Der österreichische Bundespräsident, Dr. Thomas Klestil, hat am 14. Juni 2004 zu Beginn des fünften Theodor Herzl-Symposions im Wiener Rathaus eine kritische Auseinandersetzung mit dem Antisemitismus in der Sprache eingemahnt.
In seiner Eröffnungsrede beschäftigte sich der österreichische Bundespräsident ausführlich mit der Sprache und deren Gebrauch.
„Es ist daher mehr als eine gute österreichische Tradition, wenn ich meine, dass Sprachkritik die Voraussetzung für gelebte Ethik ist. Die Hemmschwelle für rassistische oder antisemitische Äußerungen und Formulierungen darf keinesfalls noch weiter sinken. Nicht in Österreich, nicht in Europa, nirgendwo! Denn Sprache ist nie unschuldig. Sie kann ebenso heilen wie töten, und sie kann unser Leben verwandeln; zum Guten wie zum Schlechten.“ forderte Klestil vehement Wachsamkeit ein, „denn das Gift der Intoleranz hält in allerlei Sprachen seinen Einzug.
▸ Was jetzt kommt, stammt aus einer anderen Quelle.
lemma expectation_Theta_power_step:
  "expectation (\<lambda>\<omega>. Theta m \<omega> ^ k) = (1 - p) / (1 - p * u ^ k) *
     (\<Sum>j\<le>k. real (k choose j) * u ^ (k - j) * (1 - u) ^ j * expectation (\<lambda>\<omega>. Theta (Suc m) \<omega> ^ j))"
proof -
  let ?X = "\<lambda>\<omega>. (u ^ k) ^ (G m \<omega> - 1)"
  let ?Y = "\<lambda>\<omega>. (u + (1 - u) * Theta (Suc m) \<omega>) ^ k"
  have Y_bounds: "0 \<le> u + (1 - u) * Theta (Suc m) \<omega> \<and> u + (1 - u) * Theta (Suc m) \<omega> \<le> 1"
    if "\<omega> \<in> space M" for \<omega>
  proof -
    have "(1 - u) * Theta (Suc m) \<omega> \<le> 1 - u"
      using u Theta_le_one[OF that] by (intro mult_left_le) auto
    moreover have "0 \<le> (1 - u) * Theta (Suc m) \<omega>"
      using u Theta_nonneg[OF that] by simp
    ultimately show ?thesis
      using u by linarith
  qed
  have integrable_X: "integrable M ?X"
  proof (rule integrable_const_bound[where B=1])
    show "?X \<in> borel_measurable M"
      by (rule measurable_compose[OF measurable_G]) simp
    have "(u ^ k) ^ n \<le> 1" for n
      using u by (simp add: power_le_one)
    then show "AE \<omega> in M. norm (?X \<omega>) \<le> 1"
      using u by simp
  qed
  have integrable_Y: "integrable M ?Y"
  proof (rule integrable_const_bound[where B=1])
    show "?Y \<in> borel_measurable M"
      using borel_measurable_Theta by measurable
    show "AE \<omega> in M. norm (?Y \<omega>) \<le> 1"
      using Y_bounds by (simp add: power_le_one)
  qed
  have "Theta m \<omega> ^ k = ?X \<omega> * ?Y \<omega>" if "\<omega> \<in> space M" for \<omega>
  proof -
    have "Theta m \<omega> ^ k = (u ^ (G m \<omega> - 1)) ^ k * ?Y \<omega>"
      using Theta_unfold[OF that, of m] by (simp add: power_mult_distrib)
    then show ?thesis
      by (metis power_mult mult.commute)
  qed
  then have "expectation (\<lambda>\<omega>. Theta m \<omega> ^ k) = expectation (\<lambda>\<omega>. ?X \<omega> * ?Y \<omega>)"
    by (intro Bochner_Integration.integral_cong) simp_all
  also have "\<dots> = expectation ?X * expectation ?Y"
    by (intro indep_var_lebesgue_integral indep_var_G_Theta integrable_X integrable_Y) simp
  also have "expectation ?X = (1 - p) / (1 - p * u ^ k)"
    using p u G_ge_1 G_distr
    by (intro expectation_power_geometric[OF measurable_G]) (auto intro: power_le_one)
  also have "?Y = (\<lambda>\<omega>. \<Sum>j\<le>k. real (k choose j) * u ^ (k - j) * (1 - u) ^ j * Theta (Suc m) \<omega> ^ j)"
  proof
    fix \<omega>
    have "?Y \<omega> = ((1 - u) * Theta (Suc m) \<omega> + u) ^ k"
      by (simp add: add.commute)
    also have "\<dots> = (\<Sum>j\<le>k. real (k choose j) * ((1 - u) * Theta (Suc m) \<omega>) ^ j * u ^ (k - j))"
      by (rule binomial_ring)
    finally show "?Y \<omega> = (\<Sum>j\<le>k. real (k choose j) * u ^ (k - j) * (1 - u) ^ j * Theta (Suc m) \<omega> ^ j)"
      by (simp add: power_mult_distrib mult_ac)
  qed
  also have "expectation \<dots> = (\<Sum>j\<le>k. real (k choose j) * u ^ (k - j) * (1 - u) ^ j
      * expectation (\<lambda>\<omega>. Theta (Suc m) \<omega> ^ j))"
    by (simp add: integrable_Theta_power)
  finally show ?thesis .
qed
(* Let $V\colon\mathbf{ZZ}\to\mathbf{Vec}$ be an indecomposable zigzag persistence module. Then there exists an integer $t\geq 0$ such that for every even integer $i\ge t$ the map $f_i\colon V_i\to V_{i+1}$ is injective and the map $g_i\colon V_i\to V_{i-1}$ is surjective. Dually, there exists an integer $s\le 0$ such that for every even integer $i\le s$ the map $f_i$ is surjective and $g_i$ is injective.
   Context: Fix a field $\mathbb{F}$; $\mathbf{Vec}$ denotes the category of finite-dimensional $\mathbb{F}$-vector spaces. $\mathbf{ZZ}$ is the category whose objects are the integers, with non-identity morphisms $i\to i-1$ and $i\to i+1$ for every even integer $i$. A zigzag persistence module is a functor $V\colon\mathbf{ZZ}\to\mathbf{Vec}$, with $g_i=V(i\to i-1)\colon V_i\to V_{i-1}$ and $f_i=V(i\to i+1)\colon V_i\to V_{i+1}$ for even $i$. Direct sums are pointwise; $V$ is indecomposable if it is nonzero and there are no nonzero $U,W$ with $V\cong U\oplus W$. *)

theory Defs
  imports Complex_Main
begin

definition lin_between ::
  "('a::field \<Rightarrow> 'v::ab_group_add \<Rightarrow> 'v) \<Rightarrow> 'v set \<Rightarrow> 'v set \<Rightarrow> ('v \<Rightarrow> 'v) \<Rightarrow> bool" where
  "lin_between scale S T h \<longleftrightarrow>
     h ` S \<subseteq> T \<and>
     (\<forall>x\<in>S. \<forall>y\<in>S. h (x + y) = h x + h y) \<and>
     (\<forall>c. \<forall>x\<in>S. h (scale c x) = scale c (h x))"

definition fd_subspace :: "('a::field \<Rightarrow> 'v::ab_group_add \<Rightarrow> 'v) \<Rightarrow> 'v set \<Rightarrow> bool" where
  "fd_subspace scale S \<longleftrightarrow> module.subspace scale S \<and> (\<exists>B. finite B \<and> module.span scale B = S)"

text \<open>The values of f i, g i outside V i
  and for odd i are irrelevant.\<close>
definition zz_module ::
  "('a::field \<Rightarrow> 'v::ab_group_add \<Rightarrow> 'v) \<Rightarrow> (int \<Rightarrow> 'v set) \<Rightarrow> (int \<Rightarrow> 'v \<Rightarrow> 'v) \<Rightarrow> (int \<Rightarrow> 'v \<Rightarrow> 'v) \<Rightarrow> bool" where
  "zz_module scale V f g \<longleftrightarrow>
     vector_space scale \<and>
     (\<forall>i. fd_subspace scale (V i)) \<and>
     (\<forall>i. even i \<longrightarrow> lin_between scale (V i) (V (i + 1)) (f i) \<and> lin_between scale (V i) (V (i - 1)) (g i))"

definition zz_submodule ::
  "('a::field \<Rightarrow> 'v::ab_group_add \<Rightarrow> 'v) \<Rightarrow> (int \<Rightarrow> 'v set) \<Rightarrow> (int \<Rightarrow> 'v \<Rightarrow> 'v) \<Rightarrow> (int \<Rightarrow> 'v \<Rightarrow> 'v) \<Rightarrow> (int \<Rightarrow> 'v set) \<Rightarrow> bool" where
  "zz_submodule scale V f g U \<longleftrightarrow>
     (\<forall>i. module.subspace scale (U i) \<and> U i \<subseteq> V i) \<and>
     (\<forall>i. even i \<longrightarrow> f i ` U i \<subseteq> U (i + 1) \<and> g i ` U i \<subseteq> U (i - 1))"

definition zz_nonzero :: "(int \<Rightarrow> 'v::zero set) \<Rightarrow> bool" where
  "zz_nonzero V \<longleftrightarrow> (\<exists>i. V i \<noteq> {0})"
(* Let $\mathcal H$ be a real Hilbert space, $t_0>0$, let $f\in\mathcal C^2(\mathcal H)$ be convex with $S:=\operatorname{argmin}_{\mathcal H}f\neq\emptyset$, and let $e\in\mathcal C^1([t_0,+\infty[,\mathcal H)$ satisfy $\int_{t_0}^{+\infty}t\|e(t)\|dt<+\infty$ and $\int_{t_0}^{+\infty}t\|\dot e(t)\|dt<+\infty$. Let $\alpha>3$ and $\beta>0$. Then for any solution trajectory $x$ of $$\ddot x(t)+\frac{\alpha}{t}\dot x(t)+\beta\frac{d}{dt}\big(\nabla f(x(t))+e(t)\big)+\nabla f(x(t))+e(t)=0$$ the following hold: (i) $f(x(t))-\inf_{\mathcal H}f=o(1/t^2)$ as $t\to+\infty$; (ii) $\int_{t_0}^{+\infty}t^2\|\nabla f(x(t))\|^2dt<+\infty$; (iii) $\int_{t_0}^{+\infty}t\,(f(x(t))-\min_{\mathcal H}f)dt<+\infty$; (iv) for any $x^\star\in S$, $\int_{t_0}^{+\infty}t\langle\nabla f(x(t)),x(t)-x^\star\rangle dt<+\infty$; (v) $\int_{t_0}^{+\infty}t\|\dot x(t)\|^2dt<+\infty$; (vi) $\|\dot x(t)\|=o(1/t)$ as $t\to+\infty$. *)

theory Defs
  imports "HOL-Analysis.Analysis"
begin

end

theory Submission
  imports Defs
begin

text \<open>
  Fix a minimizer xs and let p = x - xs, v = x' + beta (gf x + e), lam = (alpha + 1) / 2. Along the
  dynamics the energy E t = t (t - gamma) (f (x t) - f xs) + ||lam p + t v||^2 / 2 + xi / 2 ||p||^2,
  where gamma = beta (alpha - lam) > 0 and xi = lam (alpha - 1 - lam) > 0 because alpha > 3, satisfies
  E' + P <= c t ||e|| + K t ||e|| sqrt E for large t, with a dissipation P that dominates
  t <gf x, p>, t ||v||^2 and t^2 ||gf x||^2. Since t ||e|| is integrable, a Gronwall argument for
  sqrt E bounds E, and then P is integrable; this gives the integrability statements.
  The energy W = t^2 (f x - f xs) + t^2 ||x'||^2 / 2 satisfies a differential inequality of the same
  kind, so it is bounded and its increments are dominated by an integrable function; as W t / t is
  integrable as well, W t tends to 0, which gives both little-o rates.
\<close>

section \<open>Integrals on half-lines\<close>

lemma nonneg_integrable_on_atLeast:
  fixes f :: "real \<Rightarrow> real"
  assumes cont: "continuous_on {T..} f" and nonneg: "\<And>t. t \<ge> T \<Longrightarrow> 0 \<le> f t"
    and bounded: "\<And>t. t \<ge> T \<Longrightarrow> integral {T..t} f \<le> B"
  shows "f integrable_on {T..}"
proof -
  define I where "I y = integral {T..y} f" for y
  have f_int: "f integrable_on {T..y}" for y
    by (intro integrable_continuous_real continuous_on_subset[OF cont]) auto
  have mono: "I y \<le> I z" if "y \<le> z" for y z
    unfolding I_def using that by (intro integral_subset_le f_int) (auto intro: nonneg)
  have bdd: "bdd_above (range I)"
  proof (rule bdd_aboveI2)
    show "I y \<le> max B 0" for y
      by (cases "y \<ge> T") (auto simp: I_def bounded intro: le_max_iff_disj[THEN iffD2])
  qed
  have "(I \<longlongrightarrow> (SUP y. I y)) at_top"
  proof (rule increasing_tendsto)
    show "\<forall>\<^sub>F y in at_top. I y \<le> (SUP y. I y)" by (intro always_eventually allI cSUP_upper[OF _ bdd]) simp
    show "\<forall>\<^sub>F y in at_top. l < I y" if l: "l < (SUP y. I y)" for l
    proof -
      obtain y where "l < I y" using l less_cSUP_iff[OF _ bdd] by auto
      then show ?thesis
        unfolding eventually_at_top_linorder using mono less_le_trans by blast
    qed
  qed
  then show ?thesis
    unfolding I_def by (intro has_integral_integrable[OF has_integral_to_inf] f_int nonneg)
qed

lemma integrable_on_atLeast_dominated:
  fixes h g :: "real \<Rightarrow> real"
  assumes "continuous_on {T..} h" "\<And>t. t \<ge> T \<Longrightarrow> 0 \<le> h t"
    and "\<And>t. t \<ge> T \<Longrightarrow> h t \<le> g t" and "g integrable_on {T..}"
  shows "h integrable_on {T..}"
proof (rule measurable_bounded_by_integrable_imp_integrable_real)
  show "h \<in> borel_measurable (lebesgue_on {T..})"
    by (rule continuous_imp_measurable_on_sets_lebesgue[OF assms(1)]) simp
qed (use assms in auto)

lemma nonneg_integrable_on_atLeast_subset:
  fixes h :: "real \<Rightarrow> real"
  assumes "continuous_on {T..} h" "\<And>t. t \<ge> T \<Longrightarrow> 0 \<le> h t" "h integrable_on {T..}"
    and "T \<le> S"
  shows "h integrable_on {S..}"
proof (rule nonneg_integrable_on_atLeast)
  show "continuous_on {S..} h" using assms by (auto intro: continuous_on_subset)
  show "integral {S..t} h \<le> integral {T..} h" if "t \<ge> S" for t
    using assms that
    by (intro integral_subset_le integrable_on_subinterval[OF assms(3)]) auto
qed (use assms in auto)

lemma integrable_on_atLeast_extend:
  fixes h :: "real \<Rightarrow> 'b::banach"
  assumes "continuous_on {T..} h" "h integrable_on {S..}" "T \<le> S"
  shows "h integrable_on {T..}"
proof -
  have "h integrable_on ({T..S} \<union> {S..})"
  proof (rule integrable_Un)
    have "{T..S} \<inter> {S..} = {S}" using assms(3) by auto
    then show "negligible ({T..S} \<inter> {S..})" by simp
    show "h integrable_on {T..S}"
      using assms by (intro integrable_continuous_real) (auto intro: continuous_on_subset)
  qed (rule assms(2))
  moreover have "{T..S} \<union> {S..} = {T..}" using assms(3) by auto
  ultimately show ?thesis by simp
qed

lemma le_add_integral_of_derivative_le:
  fixes E E' k :: "real \<Rightarrow> real"
  assumes deriv: "\<And>t. t \<ge> T \<Longrightarrow> (E has_vector_derivative E' t) (at t within {T..})"
    and le: "\<And>t. t \<ge> T \<Longrightarrow> E' t \<le> k t" and k: "continuous_on {T..} k"
    and st: "T \<le> s" "s \<le> t"
  shows "E t \<le> E s + integral {s..t} k"
proof -
  have "(E' has_integral (E t - E s)) {s..t}"
    by (rule fundamental_theorem_of_calculus[OF st(2)])
       (use st in \<open>auto intro: has_vector_derivative_within_subset[OF deriv]\<close>)
  moreover have "k integrable_on {s..t}"
    using st by (intro integrable_continuous_real continuous_on_subset[OF k]) auto
  ultimately have "E t - E s \<le> integral {s..t} k"
    using st by (intro has_integral_le[OF _ integrable_integral]) (auto intro: le)
  then show ?thesis by simp
qed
Aber Sprache ist nicht nur ein Kleid der Gedanken, sie ist auch ein Mittel zur Formung von Menschen. So werden und wurden wir auch tagtäglich Zeugen dafür, dass Ausdrücke aus dem ‚Wörterbuch des Unmenschen‘ keineswegs verschwunden sind“.
„Die Achtung des ‚Anders-Seins‘ ist in der politischen Arena ein Prüfstein jeder funktionierenden Demokratie“ erläutert Klestil und erwähnt in diesem Zusammenhang „Nachbarn, Minderheiten, Kranke und Behinderte“.
„Der 100. Todestag Theodors Herzls fällt in eine Zeit, in der von einem wirklichen Frieden unter den Menschen und Völkern leider keine Rede sein kann“, führte der Bundespräsident aus. Das Erbe Herzls beschränke sich nicht nur auf ein staatliches Territorium, sondern umschließe auch den Auftrag, überall die Feinde von heute miteinander zu versöhnen und die soziale Gerechtigkeit weltweit zu stärken.